Наконец мне удавалось вполне отчетливо увидеть «два часа дня!» — я звонил, но сразу же опять погружался в сон, на этот раз, должно быть, бесконечно более долгий, если судить по степени отдыха и по впечатлению, которое, когда я просыпался, говорило мне, что прошла длинная ночь. Но так как пробуждение бывало вызвано приходом Франсуазы, являвшейся, по ее словам, на мой звонок, то этот новый сон, казавшийся мне бесконечно более долгим, чем тот, прежний, и приносивший мне такое отличное самочувствие и такое забвение, мог длиться не более полминуты.
Бабушка приоткрывала ко мне дверь; я задавал ей несколько вопросов о семье Легранден.

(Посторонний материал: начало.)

lemma laguerre_ode_mu_TI:
  "laguerre_ode (g - 1/2) (Etil g (v, TI) / 4) (mu g (v, TI)) (mu_deriv g (v, TI))"
proof
  fix x :: real assume x: "x > 0"
  have "((\<lambda>y. exp y * lag (g - 1/2) (int v) (- y)) has_real_derivative
      exp x * lag (g + 1/2) (int v - 1) (- x) + exp x * lag (g - 1/2) (int v) (- x)) (at x)"
    by (intro DERIV_mult' DERIV_exp has_real_derivative_lag_uminus) simp
  then show "(mu g (v, TI) has_real_derivative mu_deriv g (v, TI) x) (at x)"
    using lag_param_Suc[of "g + 1/2" "g - 1/2" "int v" "- x"]
    by (simp add: mu_def[abs_def] mu_deriv_def algebra_simps)
next
  fix x :: real assume x: "x > 0"
  let ?L0 = "lag (g - 1/2) (int v) (- x)" and ?L1 = "lag (g + 1/2) (int v) (- x)"
    and ?L2 = "lag (g + 3/2) (int v - 1) (- x)"
  have "((\<lambda>y. exp y * lag (g + 1/2) (int v) (- y)) has_real_derivative
      exp x * ?L2 + exp x * ?L1) (at x)"
    by (intro DERIV_mult' DERIV_exp has_real_derivative_lag_uminus) simp
  moreover have "exp x * ?L2 + exp x * ?L1
      = ((x - (g - 1/2) - 1) * mu_deriv g (v, TI) x - Etil g (v, TI) / 4 * mu g (v, TI) x) / x"
  proof -
    have relation: "(g + 1/2) * ?L1 + x * ?L2 = (g + 1/2 + real v) * ?L0"
      using lag_param_pred[of "g + 3/2" "g + 1/2" "g - 1/2" "int v" "- x"] by simp
    have "(x - (g - 1/2) - 1) * mu_deriv g (v, TI) x - Etil g (v, TI) / 4 * mu g (v, TI) x
        - x * (exp x * ?L2 + exp x * ?L1)
        = exp x * ((g + 1/2 + real v) * ?L0 - ((g + 1/2) * ?L1 + x * ?L2))"
      by (simp add: mu_def mu_deriv_def Etil_def field_simps)
    then have "(x - (g - 1/2) - 1) * mu_deriv g (v, TI) x - Etil g (v, TI) / 4 * mu g (v, TI) x
        = (exp x * ?L2 + exp x * ?L1) * x"
      unfolding relation by simp
    then show ?thesis
      using x by (simp add: eq_divide_eq)
  qed
  ultimately show "(mu_deriv g (v, TI) has_real_derivative
      ((x - (g - 1/2) - 1) * mu_deriv g (v, TI) x - Etil g (v, TI) / 4 * mu g (v, TI) x) / x) (at x)"
    by (simp add: mu_deriv_def)
qed

lemma laguerre_ode_mu_TII:
  "laguerre_ode (g - 1/2) (Etil g (v, TII) / 4) (mu g (v, TII)) (mu_deriv g (v, TII))"
proof
  fix x :: real assume x: "x > 0"
  let ?p = "x powr (- g - 1/2)"
  let ?La = "lag (1/2 - g) (int v) x" and ?Lb = "lag (3/2 - g) (int v - 1) x"
  have "mu g (v, TII) = (\<lambda>y. y powr (1/2 - g) * lag (1/2 - g) (int v) y)"
    by (simp add: mu_def fun_eq_iff)
  then have "(mu g (v, TII) has_real_derivative
      x powr (1/2 - g) * - ?Lb + (1/2 - g) * x powr (1/2 - g - 1) * ?La) (at x)"
    by (simp only:) (intro DERIV_mult' has_real_derivative_powr x has_real_derivative_lag, simp)
  moreover have "x powr (1/2 - g) * - ?Lb + (1/2 - g) * x powr (1/2 - g - 1) * ?La
      = ?p * ((1/2 - g) * ?La - x * ?Lb)"
    using powr_mult_base[of x "- g - 1/2"] x by (simp add: algebra_simps)
  moreover have "(1/2 - g) * ?La - x * ?Lb = (real v + 1/2 - g) * lag (- g - 1/2) (int v) x"
    using lag_param_pred[of "3/2 - g" "1/2 - g" "- g - 1/2" "int v" x] by (simp add: algebra_simps)
  ultimately show "(mu g (v, TII) has_real_derivative mu_deriv g (v, TII) x) (at x)"
    by (simp add: mu_deriv_def mult_ac)
next
  fix x :: real assume x: "x > 0"
  let ?K = "real v + 1/2 - g" and ?p = "x powr (- g - 1/2)"
  let ?La = "lag (1/2 - g) (int v) x" and ?Lc = "lag (- g - 1/2) (int v) x"
    and ?Ld = "lag (1/2 - g) (int v - 1) x"
  have "mu_deriv g (v, TII) = (\<lambda>y. ?K * (y powr (- g - 1/2) * lag (- g - 1/2) (int v) y))"
    by (simp add: mu_deriv_def)
  then have "(mu_deriv g (v, TII) has_real_derivative
      ?K * (x powr (- g - 1/2) * - ?Ld + (- g - 1/2) * x powr (- g - 1/2 - 1) * ?Lc)) (at x)"
    by (simp only:) (intro DERIV_cmult DERIV_mult' has_real_derivative_powr x has_real_derivative_lag, simp)
  moreover have "?K * (x powr (- g - 1/2) * - ?Ld + (- g - 1/2) * x powr (- g - 1/2 - 1) * ?Lc)
      = ((x - (g - 1/2) - 1) * mu_deriv g (v, TII) x - Etil g (v, TII) / 4 * mu g (v, TII) x) / x"
  proof -
    have La: "?La = ?Lc + ?Ld"
      using lag_param_Suc[of "1/2 - g" "- g - 1/2" "int v" x] by simp
    have power: "x powr (- g - 1/2 - 1) = ?p / x"
      using powr_diff[of x "- g - 1/2" 1] x by simp
    have mu: "mu g (v, TII) x = x * ?p * ?La"
      using powr_mult_base[of x "- g - 1/2"] x by (simp add: mu_def)
    have mu_deriv: "mu_deriv g (v, TII) x = ?K * (?p * ?Lc)"
      by (simp add: mu_deriv_def)
    have E: "Etil g (v, TII) / 4 = ?K"
      by (simp add: Etil_def)
    show ?thesis
      unfolding mu mu_deriv E power La using x by (simp add: field_simps)
  qed
  ultimately show "(mu_deriv g (v, TII) has_real_derivative
      ((x - (g - 1/2) - 1) * mu_deriv g (v, TII) x - Etil g (v, TII) / 4 * mu g (v, TII) x) / x) (at x)"
    by simp
qed

lemma laguerre_ode_mu: "laguerre_ode (g - 1/2) (Etil g s / 4) (mu g s) (mu_deriv g s)"
  by (cases s, rename_tac v t, case_tac t) (simp_all add: laguerre_ode_mu_TI laguerre_ode_mu_TII)

lemma laguerre_ode_Pn: "laguerre_ode (g - 1/2) (real n) (Pn g n) (\<lambda>y. - lag (g + 1/2) (int n - 1) y)"
proof
  fix x :: real assume "x > 0"
  show "(Pn g n has_real_derivative - lag (g + 1/2) (int n - 1) x) (at x)"
    unfolding Pn_def[abs_def] by (rule has_real_derivative_lag) simp
next
  fix x :: real assume x: "x > 0"
  let ?L0 = "lag (g - 1/2) (int n) x" and ?L0' = "lag (g - 1/2) (int n - 1) x"
    and ?L1 = "lag (g + 1/2) (int n - 1) x" and ?L2 = "lag (g + 3/2) (int n - 1 - 1) x"
  have "((\<lambda>y. - lag (g + 1/2) (int n - 1) y) has_real_derivative - (- ?L2)) (at x)"
    by (intro DERIV_minus has_real_derivative_lag) simp
  moreover have "- (- ?L2) = ((x - (g - 1/2) - 1) * (- ?L1) - real n * Pn g n x) / x"
  proof -
    have "(g + 1/2) * ?L1 - x * ?L2 = (g + 1/2 + (real n - 1)) * ?L0'"
      using lag_param_pred[of "g + 3/2" "g + 1/2" "g - 1/2" "int n - 1" x] by simp
    moreover have "real n * ?L0 = (g - 1/2 + real n) * ?L0' - x * ?L1"
      using lag_degree_pred[of "g + 1/2" "g - 1/2" "int n" x] by simp
    moreover have "(x - (g - 1/2) - 1) * (- ?L1) - real n * ?L0 - x * ?L2
        = ((g + 1/2) * ?L1 - x * ?L2 - (g + 1/2 + (real n - 1)) * ?L0')
          + ((g - 1/2 + real n) * ?L0' - x * ?L1 - real n * ?L0)"
      by (simp add: algebra_simps)
    ultimately show ?thesis
      using x by (simp add: Pn_def field_simps)
  qed
  ultimately show "((\<lambda>y. - lag (g + 1/2) (int n - 1) y) has_real_derivative
      ((x - (g - 1/2) - 1) * (- ?L1) - real n * Pn g n x) / x) (at x)"
    by simp
qed

lemma mu_eq_seed_gauge_xi: "x > 0 \<Longrightarrow> mu g s x = seed_gauge g s x * xi g s x"
  by (cases s, rename_tac v t, case_tac t) (simp_all add: mu_def seed_gauge_def xi_def)

lemma mu_deriv_eq_seed_gauge_zetatil:
  assumes x: "x > 0"
  shows "mu_deriv g s x = seed_gauge g s x * zetatil g s x / (2 * x)"
proof (cases s)
  case (Pair v t)
  have "x powr (1/2 - g) = x * x powr (- g - 1/2)"
    using powr_mult_base[of x "- g - 1/2"] x by simp
  then show ?thesis
    using x by (cases t) (simp_all add: Pair mu_deriv_def seed_gauge_def zetatil_def field_simps)
qed

section \<open>Powers of \<open>\<eta>\<close> and the determinant formulas\<close>

lemma MI_add_MII: "MI D + MII D = length D"
  by (induction D) (auto simp: MI_def MII_def split: stype.splits, metis (full_types) stype.exhaust)

lemma prod_seed_gauge:
  "(\<Prod>k<length D. seed_gauge g (D ! k) x) = exp x ^ MI D * (x powr (1/2 - g)) ^ MII D"
proof (induction D)
  case (Cons s D)
  obtain v t where s: "s = (v, t)" by (cases s)
  have "(\<Prod>k<length (s # D). seed_gauge g ((s # D) ! k) x)
      = seed_gauge g s x * (\<Prod>k<length D. seed_gauge g (D ! k) x)"
    unfolding length_Cons prod.lessThan_Suc_shift by simp
  then show ?case
    unfolding Cons.IH s by (cases t) (simp_all add: seed_gauge_def MI_def MII_def)
qed (simp add: MI_def MII_def)
lemma square_div_4_minus_prod:
  fixes a b d :: nat
  assumes "d \<le> 1"
  shows "real ((a + b + d) * (a + b + d) div 4) - (real a + real d) * real b
    = of_int ((\<lfloor>(real a - real b) / 2\<rfloor> + int d)
              * (\<lfloor>(real a - real b) / 2\<rfloor> + int (a + b) - 2 * \<lfloor>real (a + b) / 2\<rfloor>))"
proof -
  define q where "q = (int a - int b) div 2"
  define p where "p = (int a - int b) mod 2"
  define u where "u = q + int b"
  have p: "p = 0 \<or> p = 1" unfolding p_def by presburger
  have d: "int d = 0 \<or> int d = 1" using assms by auto
  have sum: "int (a + b) = 2 * u + p"
    unfolding u_def q_def p_def by simp
  have "(real a - real b) / 2 = real_of_int (int a - int b) / real_of_int 2" by simp
  then have floor_diff: "\<lfloor>(real a - real b) / 2\<rfloor> = q"
    unfolding q_def by (simp only: floor_divide_of_int_eq)
  have "real (a + b) / 2 = real_of_int (int (a + b)) / real_of_int 2" by simp
  then have floor_sum: "\<lfloor>real (a + b) / 2\<rfloor> = u"
    using p by (simp only: floor_divide_of_int_eq sum) presburger
  have "int ((a + b + d) * (a + b + d) div 4) = (int (a + b) + int d)^2 div 4"
    by (simp only: zdiv_int of_nat_mult of_nat_add of_nat_numeral power2_eq_square)
  also have "\<dots> = (4 * (u * u + u * (p + int d) + p * int d) + (p - int d)^2) div 4"
    unfolding sum by (simp add: power2_eq_square algebra_simps)
  also have "\<dots> = u * u + u * (p + int d) + p * int d"
  proof -
    have "(4 * Q + r) div 4 = Q" if "0 \<le> r" "r < 4" for Q r :: int
      using that by presburger
    moreover have "0 \<le> (p - int d)^2" "(p - int d)^2 < 4"
      using p d by auto
    ultimately show ?thesis by blast
  qed
  finally have "int ((a + b + d) * (a + b + d) div 4) = u * u + u * (p + int d) + p * int d" .
  moreover have "int a = int b + 2 * q + p"
    unfolding q_def p_def by simp
  ultimately have product: "int ((a + b + d) * (a + b + d) div 4) - (int a + int d) * int b
      = (q + int d) * (q + p)"
    unfolding u_def by (simp add: algebra_simps)
  have parity: "q + int (a + b) - 2 * u = q + p"
    using sum by simp
  show ?thesis
    unfolding floor_diff floor_sum parity product[symmetric] by simp
qed

lemma gauge_factors_eq_powr:
  fixes a b d :: nat
  assumes "d \<le> 1" and x: "x > 0"
  shows "x powr (- real ((a + b + d) * (a + b + d) div 4)) * (exp x ^ a * (x powr (1/2 - g)) ^ b)
      * (x powr ((real a + g - 1/2 + real d) * real b) * exp (- real a * x))
    = x powr (- of_int ((\<lfloor>(real a - real b) / 2\<rfloor> + int d)
              * (\<lfloor>(real a - real b) / 2\<rfloor> + int (a + b) - 2 * \<lfloor>real (a + b) / 2\<rfloor>)))"
proof -
  have "exp x ^ a * exp (- real a * x) = 1"
    by (simp add: exp_minus flip: exp_of_nat_mult)
  then have "x powr (- real ((a + b + d) * (a + b + d) div 4)) * (exp x ^ a * (x powr (1/2 - g)) ^ b)
      * (x powr ((real a + g - 1/2 + real d) * real b) * exp (- real a * x))
    = x powr (- (real ((a + b + d) * (a + b + d) div 4) - (real a + real d) * real b))"
    using x by (simp add: powr_power powr_add [symmetric] algebra_simps)
  then show ?thesis
    unfolding square_div_4_minus_prod[OF assms(1)] .
qed

lemma wronskian_mu:
  assumes x: "x > 0"
  shows "wronskian (map (mu g) D) x
    = 2 powr (- (real (length D) * (real (length D) - 1) / 2)) * detm (length D) (bmat g D x)
      * (x powr (- real (length D * length D div 4)) * (exp x ^ MI D * (x powr (1/2 - g)) ^ MII D))"
proof -
  let ?M = "length D"
  have "wronskian (map (mu g) D) x = detm ?M (\<lambda>j k. (deriv ^^ j) (mu g (D ! k)) x)"
    unfolding wronskian_def length_map by (rule detm_cong) simp
  also have "\<dots> = 2 powr (- (real ?M * (real ?M - 1) / 2)) * x powr (- real (?M * ?M div 4))
      * (\<Prod>k<?M. seed_gauge g (D ! k) x)
      * detm ?M (\<lambda>j k. (-4 * (Etil g (D ! k) / 4))^(j div 2)
                       * (if even j then xi g (D ! k) x else zetatil g (D ! k) x))"
    by (rule detm_higher_derivs_laguerre_ode[OF x, where \<alpha> = "g - 1/2" and df = "\<lambda>k. mu_deriv g (D ! k)"])
      (simp_all add: laguerre_ode_mu mu_eq_seed_gauge_xi[OF x] mu_deriv_eq_seed_gauge_zetatil[OF x])
  also have "detm ?M (\<lambda>j k. (-4 * (Etil g (D ! k) / 4))^(j div 2)
                       * (if even j then xi g (D ! k) x else zetatil g (D ! k) x))
      = detm ?M (bmat g D x)"
    by (rule detm_cong) (simp add: bmat_def)
  finally show ?thesis
    by (simp add: prod_seed_gauge mult_ac)
qed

Недостаточно было бы сказать, что я вернулся к спокойствию и здоровью, ибо не простое расстояние отделяло их от меня накануне, всю ночь мне приходилось бороться с враждебным им потоком, и ведь я не только оказался возле них, но они вошли в меня. В каких-то определенных и еще немного болезненных точках моей головы, которая оставалась пустой, а со временем должна была распасться и навсегда выпустить мои мысли, им еще раз удавалось занять свое место и вернуться к существованию, которым они до сих пор, увы, не сумели воспользоваться.

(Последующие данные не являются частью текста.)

lemma coef_upper_Suc:
  assumes "k \<le> n"
  shows "coef n k = coef (Suc n) k * (den (Suc n)^2 - den k^2) / den (Suc n)^2"
proof -
  obtain e where n: "n = k + e" using assms le_Suc_ex by blast
  define K where "K = N * (pochhammer x (n+1))^2 / (fact e * pochhammer y (n+k+1))"
  have upper: "coef (Suc n) k = K * (x + real (n+1))^2 / ((real e + 1) * (y + real (n+k+1)))"
  proof -
    have "pochhammer x (Suc n + 1) = pochhammer x (n+1) * (x + real (n+1))"
      "pochhammer y (Suc n + k + 1) = pochhammer y (n+k+1) * (y + real (n+k+1))"
      by (simp_all add: pochhammer_rec' mult.commute)
    moreover have "fact (Suc n - k) = (fact e :: real) * (real e + 1)"
      using n by (simp add: Suc_diff_le algebra_simps)
    ultimately show ?thesis
      unfolding coef_def K_def using n by (simp add: power_mult_distrib) (simp add: algebra_simps)
  qed
  have diff: "den (Suc n)^2 - den k^2 = N^2 * ((real e + 1) * (y + real (n+k+1)))"
    and sq: "den (Suc n)^2 = N^2 * (x + real (n+1))^2"
    by (simp_all add: den_eq y_eq n power2_eq_square algebra_simps)
  have "(real e + 1) * (y + real (n+k+1)) \<noteq> 0"
    using y_pos by (simp add: add_pos_nonneg)
  then have "coef (Suc n) k * (den (Suc n)^2 - den k^2) = K * (N^2 * (x + real (n+1))^2)"
    unfolding upper diff by (simp add: field_simps)
  also have "\<dots> = coef n k * den (Suc n)^2"
    unfolding sq coef_def K_def using n by simp
  finally show ?thesis
    by (simp add: field_simps)
qed

lemma coef_lower_Suc:
  assumes "k < n"
  shows "coef n (Suc k) * (den n + den (Suc k)) = coef n k * (den n - den k)"
proof -
  obtain e where n: "n = Suc k + e" using assms less_imp_Suc_add by blast
  define K where "K = N * (pochhammer x (n+1))^2 / (fact e * pochhammer y (n+k+1))"
  have coef_k: "coef n k = K / (real e + 1)"
    unfolding coef_def K_def using n by (simp add: algebra_simps)
  have coef_Suc_k: "coef n (Suc k) = K / (y + real (n+k+1))"
    unfolding coef_def K_def using n by (simp add: pochhammer_rec' mult.commute)
  have sum: "den n + den (Suc k) = N * (y + real (n+k+1))" and diff: "den n - den k = N * (real e + 1)"
    by (simp_all add: den_eq y_eq n algebra_simps)
  have "y + real (n+k+1) \<noteq> 0"
    using y_pos by (simp add: add_pos_nonneg)
  then show ?thesis
    unfolding coef_k coef_Suc_k sum diff by (simp add: field_simps)
qed

lemma sum_coef_den_greaterThan:
  assumes "k \<le> n"
  shows "(\<Sum>j\<in>{k<..n}. coef n j * den j) = coef n k * (den n - den k) / 2"
  using assms
proof (induction k rule: inc_induct)
  case (step k)
  then have "{k<..n} = insert (Suc k) {Suc k<..n}" by auto
  then have "(\<Sum>j\<in>{k<..n}. coef n j * den j)
      = coef n (Suc k) * den (Suc k) + coef n (Suc k) * (den n - den (Suc k)) / 2"
    using step.IH by simp
  also have "\<dots> = coef n (Suc k) * (den n + den (Suc k)) / 2"
    by (simp add: field_simps)
  also have "\<dots> = coef n k * (den n - den k) / 2"
    using coef_lower_Suc[OF step.hyps(2)] by simp
  finally show ?case .
qed simp

lemma sum_alt_coef_greaterThan:
  assumes "k \<le> n"
  shows "(\<Sum>j\<in>{k<..n}. (-1)^j * coef n j) = (-1)^k * coef n k * (den k / den n - 1) / 2"
  using assms
proof (induction k rule: inc_induct)
  case (step k)
  then have "{k<..n} = insert (Suc k) {Suc k<..n}" by auto
  then have "(\<Sum>j\<in>{k<..n}. (-1)^j * coef n j)
      = (-1)^Suc k * coef n (Suc k) + (-1)^Suc k * coef n (Suc k) * (den (Suc k) / den n - 1) / 2"
    using step.IH by simp
  also have "\<dots> = - ((-1)^k * (coef n (Suc k) * (den n + den (Suc k))) / (2 * den n))"
    by (simp add: field_simps)
  also have "\<dots> = - ((-1)^k * (coef n k * (den n - den k)) / (2 * den n))"
    using coef_lower_Suc[OF step.hyps(2)] by simp
  also have "\<dots> = (-1)^k * coef n k * (den k / den n - 1) / 2"
    by (simp add: field_simps)
  finally show ?case .
qed simp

Я лишний раз избежал бессонницы, страшной сокрушительной бури нервных припадков. Я уже больше совершенно не страшился того, что угрожало мне вчера вечером, когда я был лишен покоя. Новая жизнь открывалась передо мной; не делая еще ни единого движения, так как я все-таки чувствовал себя разбитым, хотя и бодрым, я радостно вкушал мою усталость; она отделила одну от другой и переломала кости моих ног, моих рук, которые как будто вновь лежали передо мною, готовые соединиться, и которые я сразу же смогу собрать в одно целое, стоит мне только запеть, как сделал зодчий в басне.
Внезапно мне вспомнилась молодая блондинка с грустным лицом, которую я видел в Ривбеле и которая глядела на меня какой-нибудь миг. В течение всего вечера многие другие казались мне более привлекательными, теперь же она единственная поднималась из глубины моей памяти. Мне казалось, что она заметила меня, я ждал, что кто-нибудь из лакеев ривбельского ресторана принесет мне от нее записку. Сен-Лу не знал ее и предполагал, что она приличная женщина. Трудно было бы видеться с ней, видеться постоянно. Но ради этого я на все был готов, я уже думал только о ней. Философия часто говорит об актах свободных и актах необходимых. Может быть, нет случаев более совершенного проявления необходимости, чем тот, когда некая сила, рвущаяся ввысь, но сдерживаемая во время наших действий, оживляет в нас, как только мысль успокаивается, какое-нибудь воспоминание, сравнявшееся с другими под гнетущим влиянием рассеянности, и дает ему размах, потому что, помимо нашего ведома, в нем больше, чем в других, таилось очарования, хотя мы сознаем это лишь через сутки. И быть может, нет акта более свободного, ибо здесь еще отсутствует привычка, эта своего рода умственная мания, благоприятствующая в любви воскрешению образа всегда одного и того же человека.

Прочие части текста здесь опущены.